L’entendre parler maintenant de son activité de « chasseur d’orages » permet de mesurer la distance parcourue depuis ces peurs enfantines. Pour tous les savoirs, compétences et connaissances qu’il a fallu acquérir, Nils est un bel exemple de l’autodidacte à l’âge d’Internet. La météo ? La photo ? Conception d’un site ? « Sur Internet » répond-t-il chaque fois. Même pour les complexes prises de vue des éclairs ? « Sur le tas : je copiais les réglages indiqués, et petit à petit… »
Il a aussi un don pédagogique pour renseigner sans condescendre ni s’appesantir. La différence entre un éclair et la foudre ? « Il y a les éclairs intra-nuageux, dont on ne voit que la lumière reflétés ; les inter-nuageux, ce sont les éclairs ramifiés ; et enfin les éclairs avec impact, qui frappent le sol. C’est la foudre. »
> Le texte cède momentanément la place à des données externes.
lemma Phi_inner:
  assumes "orthogonal_pair g"
  shows "Phi g A \<bullet> Phi g B = A \<bullet> B"
proof -
  have "Phi g A \<bullet> Phi g B =
      (A ** transpose (snd g)) \<bullet> (transpose (fst g) ** (fst g ** (B ** transpose (snd g))))"
    by (simp add: Phi_def matrix_mul_assoc inner_matrix_mult_left flip: matrix_mul_assoc)
  also have "\<dots> = A \<bullet> (B ** transpose (snd g) ** snd g)"
    using assms by (simp add: orthogonal_pair_def orthogonal_matrix_cancel inner_matrix_mult_right)
  finally show ?thesis
    using assms by (simp add: orthogonal_pair_def orthogonal_matrix_cancel)
qed

lemma transpose_Phi_mult_Phi:
  assumes "orthogonal_pair g"
  shows "transpose (Phi g A) ** Phi g B = snd g ** (transpose A ** B) ** transpose (snd g)"
  using assms by (simp add: orthogonal_pair_def Phi_def matrix_transpose_mul matrix_mul_assoc
      orthogonal_matrix_cancel)

lemma Phi_stiefel: "orthogonal_pair g \<Longrightarrow> X \<in> stiefel \<Longrightarrow> Phi g X \<in> stiefel"
  by (simp add: stiefel_def transpose_Phi_mult_Phi)
    (simp add: orthogonal_pair_def orthogonal_matrix_def)

lemma P_perp_Phi:
  assumes "orthogonal_pair g"
  shows "P_perp (Phi g X) (Phi g V) = Phi g (P_perp X V)"
proof -
  have "P_perp (Phi g X) (Phi g V) =
      (1/2) *\<^sub>R (Phi g X ** (snd g ** (transpose X ** V + transpose V ** X) ** transpose (snd g)))"
    by (simp add: P_perp_def transpose_Phi_mult_Phi[OF assms] matrix_algebra_simps)
  also have "\<dots> = Phi g (P_perp X V)"
    using assms by (simp add: Phi_def P_perp_def orthogonal_pair_def matrix_algebra_simps
        matrix_mul_assoc orthogonal_matrix_cancel orthogonal_matrix_def)
  finally show ?thesis .
qed

lemma linear_f_xi: "linear (f_xi xi)"
  by (simp add: linear_iff f_xi_def matrix_algebra_simps algebra_simps)

lemma f_xi_skew:
  assumes "skew_pair xi"
  shows "f_xi xi a \<bullet> b = - (a \<bullet> f_xi xi b)"
proof -
  have "f_xi xi a \<bullet> b = a \<bullet> (transpose (fst xi) ** b) - a \<bullet> (b ** transpose (snd xi))"
    by (simp only: f_xi_def inner_diff_left inner_matrix_mult_left[of "fst xi"]
        inner_matrix_mult_right[of a "snd xi"])
  then show ?thesis
    using assms by (simp add: skew_pair_def skew_def f_xi_def matrix_algebra_simps inner_diff_right)
qed

lemma has_vector_derivative_Phi_gexp:
  assumes xi: "skew_pair xi" and U: "(U has_vector_derivative U') (at t within T)"
  shows "((\<lambda>s. Phi (gexp s xi) (U s)) has_vector_derivative
           Phi (gexp t xi) (f_xi xi (U t) + U')) (at t within T)"
proof -
  let ?G1 = "\<lambda>s. mexp (s *\<^sub>R fst xi)" and ?G2 = "\<lambda>s. mexp (s *\<^sub>R snd xi)"
  have "((\<lambda>s. transpose (?G2 s)) has_vector_derivative transpose (?G2 t ** snd xi)) (at t within T)"
    by (rule bounded_linear.has_vector_derivative[OF bounded_linear_transpose has_vector_derivative_mexp])
  moreover have "((\<lambda>s. ?G1 s ** U s) has_vector_derivative ?G1 t ** U' + (?G1 t ** fst xi) ** U t)
      (at t within T)"
    by (rule bounded_bilinear.has_vector_derivative[OF bounded_bilinear_matrix_mult has_vector_derivative_mexp U])
  ultimately have "((\<lambda>s. (?G1 s ** U s) ** transpose (?G2 s)) has_vector_derivative
      (?G1 t ** U t) ** transpose (?G2 t ** snd xi) + (?G1 t ** U' + (?G1 t ** fst xi) ** U t) ** transpose (?G2 t))
      (at t within T)"
    by (rule bounded_bilinear.has_vector_derivative[OF bounded_bilinear_matrix_mult, rotated])
  moreover have "transpose (snd xi) = - snd xi"
    using xi by (simp add: skew_pair_def skew_def)
  ultimately show ?thesis
    by (simp add: Phi_def gexp_def f_xi_def matrix_algebra_simps matrix_mul_assoc algebra_simps)
qed

lemma Phi_gexp_f_xi:
  fixes xi :: "('n::finite,'k::finite) lalg"
  assumes "skew_pair xi"
  shows "Phi (gexp t xi) (f_xi xi V) = f_xi xi (Phi (gexp t xi) V)"
proof -
  let ?E1 = "mexp (t *\<^sub>R fst xi)" and ?E2 = "mexp ((- t) *\<^sub>R snd xi)"
  have "?E1 ** (fst xi ** N) = fst xi ** (?E1 ** N)" for N :: "real^'k^'n"
    by (simp add: matrix_mul_assoc mexp_commute)
  moreover have "snd xi ** ?E2 = ?E2 ** snd xi"
    by (simp only: mexp_commute)
  moreover have "transpose (mexp (t *\<^sub>R snd xi)) = ?E2"
    using assms by (simp add: skew_pair_def mexp_transpose)
  ultimately show ?thesis
    by (simp add: Phi_def gexp_def f_xi_def matrix_algebra_simps del: scaleR_minus_left
        flip: matrix_mul_assoc)
qed

lemma has_vector_derivative_Phi_gexp_iff:
  assumes xi: "skew_pair xi"
  shows "((\<lambda>s. Phi (gexp s xi) (U s)) has_vector_derivative
            Phi (gexp t xi) (f_xi xi (U t) + D)) (at t within S) \<longleftrightarrow>
         (U has_vector_derivative D) (at t within S)"
proof
  assume "((\<lambda>s. Phi (gexp s xi) (U s)) has_vector_derivative
            Phi (gexp t xi) (f_xi xi (U t) + D)) (at t within S)"
  moreover have "skew_pair (- xi)"
    using xi by (simp add: skew_pair_def skew_def transpose_uminus)
  ultimately have "((\<lambda>s. Phi (gexp s (- xi)) (Phi (gexp s xi) (U s))) has_vector_derivative
      Phi (gexp t (- xi)) (f_xi (- xi) (Phi (gexp t xi) (U t)) + Phi (gexp t xi) (f_xi xi (U t) + D)))
      (at t within S)"
    by (rule has_vector_derivative_Phi_gexp[rotated])
  moreover have "gexp s (- xi) = gexp (- s) xi" for s
    by (simp add: gexp_def)
  moreover have "f_xi (- xi) V = - f_xi xi V" for V
    by (simp add: f_xi_def matrix_algebra_simps)
  ultimately show "(U has_vector_derivative D) (at t within S)"
    by (simp add: Phi_gexp_inverse Phi_gexp_f_xi[OF xi] linear_add[OF linear_Phi])
qed (rule has_vector_derivative_Phi_gexp[OF xi])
Nils est né à Chauny, a grandi à Berny-Rivière, vit à Soissons et travaille à Dormans comme pédicure-podologue. Il a toujours été fasciné par « l’immensité » de la météorologie : « Je notais des relevés et m’intéressais à la complexité des nuages. » Pourquoi ne pas en avoir fait son métier ? « Un ami météorologue passait son temps dans un bureau. Je voulais agir par passion, non pas par intérêt professionnel. »
« J’ai pris mes premières photos de nuages et d’orages avec un téléphone. J’ai eu mon premier appareil photo à vingt ans » – il y a sept ans. En 2011 il a commencé ses « sorties » de chasseur, des virées en voiture, d’abord près de Soissons, mais qui se sont étendues, parfois 700 kilomètres en une journée. Il choisit la destination d’après les prévisions et les modèles numériques de météo. La saison des orages dure d’avril à octobre : « Il faut de l’air chaud et de l’air froid pour avoir un orage. » Il attend donc avec impatience de recommencer.
Nils photographie aussi les nuages et les scènes de neige, mais ce sont des images d’éclairs qu’il expose actuellement à l’Unité des soins palliatifs de l’hôpital de Soissons. Elles fixent dans le détail ce qui se perçoit autrement comme un soudain éblouissement, permettent d’étudier les ramifications foisonnantes, d’apprécier la beauté de ces lumières qui rayent un ciel en turbulence.
Il est plus facile de photographier ces phénomènes la nuit, en se fiant à de longues expositions, jusqu’à trente secondes. Le jour, Nils se sert d’un détecteur infrarouge, qui fait se déclencher la prise, dès l’apparition de l’éclair.
Que chasse-t-il encore ? « Quelque chose de plus, par exemple une tornade.» Une image montre un foudroiement à 600 mètres. « J’aimerais être à 100 mètres. » Cette audace actuelle a-t-elle émergé de la peur primitive, deux faces de la même fascination ?
Pour les avertis : Nils Pigerre utilise un Canon reflex numérique EOS 550d. Les réglages des images dans la galerie sont indiqués dans les légendes.